lemma picard_iterate_step_bound:
  assumes "0 \<le> t"
  shows "norm (\<phi> (Suc k) t - \<phi> k t) \<le> norm (g x0) * L^k * (t^Suc k / fact (Suc k))"
  using assms
proof (induction k arbitrary: t)
  case (Suc k)
  have L: "0 \<le> L" using lipschitz by (rule lipschitz_on_nonneg)
  let ?bound = "\<lambda>s. norm (g x0) * L^Suc k * (s^Suc k / fact (Suc k))"
  have "\<phi> (Suc (Suc k)) t - \<phi> (Suc k) t
      = integral {0..t} (\<lambda>s. g (\<phi> (Suc k) s)) - integral {0..t} (\<lambda>s. g (\<phi> k s))"
    by (simp only: picard_iterate.simps(2)) simp
  also have "\<dots> = integral {0..t} (\<lambda>s. g (\<phi> (Suc k) s) - g (\<phi> k s))"
    by (rule integral_diff[symmetric]) (rule integrable_picard_iterate)+
  also have "norm \<dots> \<le> integral {0..t} ?bound"
  proof (rule integral_norm_bound_integral)
    fix s assume s: "s \<in> {0..t}"
    have "norm (g (\<phi> (Suc k) s) - g (\<phi> k s)) \<le> L * norm (\<phi> (Suc k) s - \<phi> k s)"
      using lipschitz_on_normD[OF lipschitz] by blast
    also have "\<dots> \<le> L * (norm (g x0) * L^k * (s^Suc k / fact (Suc k)))"
      using Suc.IH[of s] s L by (intro mult_left_mono) auto
    also have "\<dots> = ?bound s"
      by (simp del: fact_Suc)
    finally show "norm (g (\<phi> (Suc k) s) - g (\<phi> k s)) \<le> ?bound s" .
  next
    show "(\<lambda>s. g (\<phi> (Suc k) s) - g (\<phi> k s)) integrable_on {0..t}"
      by (intro integrable_diff integrable_picard_iterate)
    show "?bound integrable_on {0..t}"
      by (intro integrable_continuous_real continuous_intros) (simp del: fact_Suc)
  qed
  also have "\<dots> = norm (g x0) * L^Suc k * (t^Suc (Suc k) / fact (Suc (Suc k)))"
    by (intro integral_unique has_integral_mult_right has_integral_power_div_fact Suc.prems)
  finally show ?case .
qed (simp add: picard_iterate.simps)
- - - - -
__ABOUT THIS TASK__
Lines to set down from above: the line with "L^Suc k * (s^Suc", the line with "using Suc.IH[of s]", and every line between, each exactly as written.

__FINISHED EXERCISE__
  let ?bound = "\<lambda>s. norm (g x0) * L^Suc k * (s^Suc k / fact (Suc k))"
  have "\<phi> (Suc (Suc k)) t - \<phi> (Suc k) t
      = integral {0..t} (\<lambda>s. g (\<phi> (Suc k) s)) - integral {0..t} (\<lambda>s. g (\<phi> k s))"
    by (simp only: picard_iterate.simps(2)) simp
  also have "\<dots> = integral {0..t} (\<lambda>s. g (\<phi> (Suc k) s) - g (\<phi> k s))"
    by (rule integral_diff[symmetric]) (rule integrable_picard_iterate)+
  also have "norm \<dots> \<le> integral {0..t} ?bound"
  proof (rule integral_norm_bound_integral)
    fix s assume s: "s \<in> {0..t}"
    have "norm (g (\<phi> (Suc k) s) - g (\<phi> k s)) \<le> L * norm (\<phi> (Suc k) s - \<phi> k s)"
      using lipschitz_on_normD[OF lipschitz] by blast
    also have "\<dots> \<le> L * (norm (g x0) * L^k * (s^Suc k / fact (Suc k)))"
      using Suc.IH[of s] s L by (intro mult_left_mono) auto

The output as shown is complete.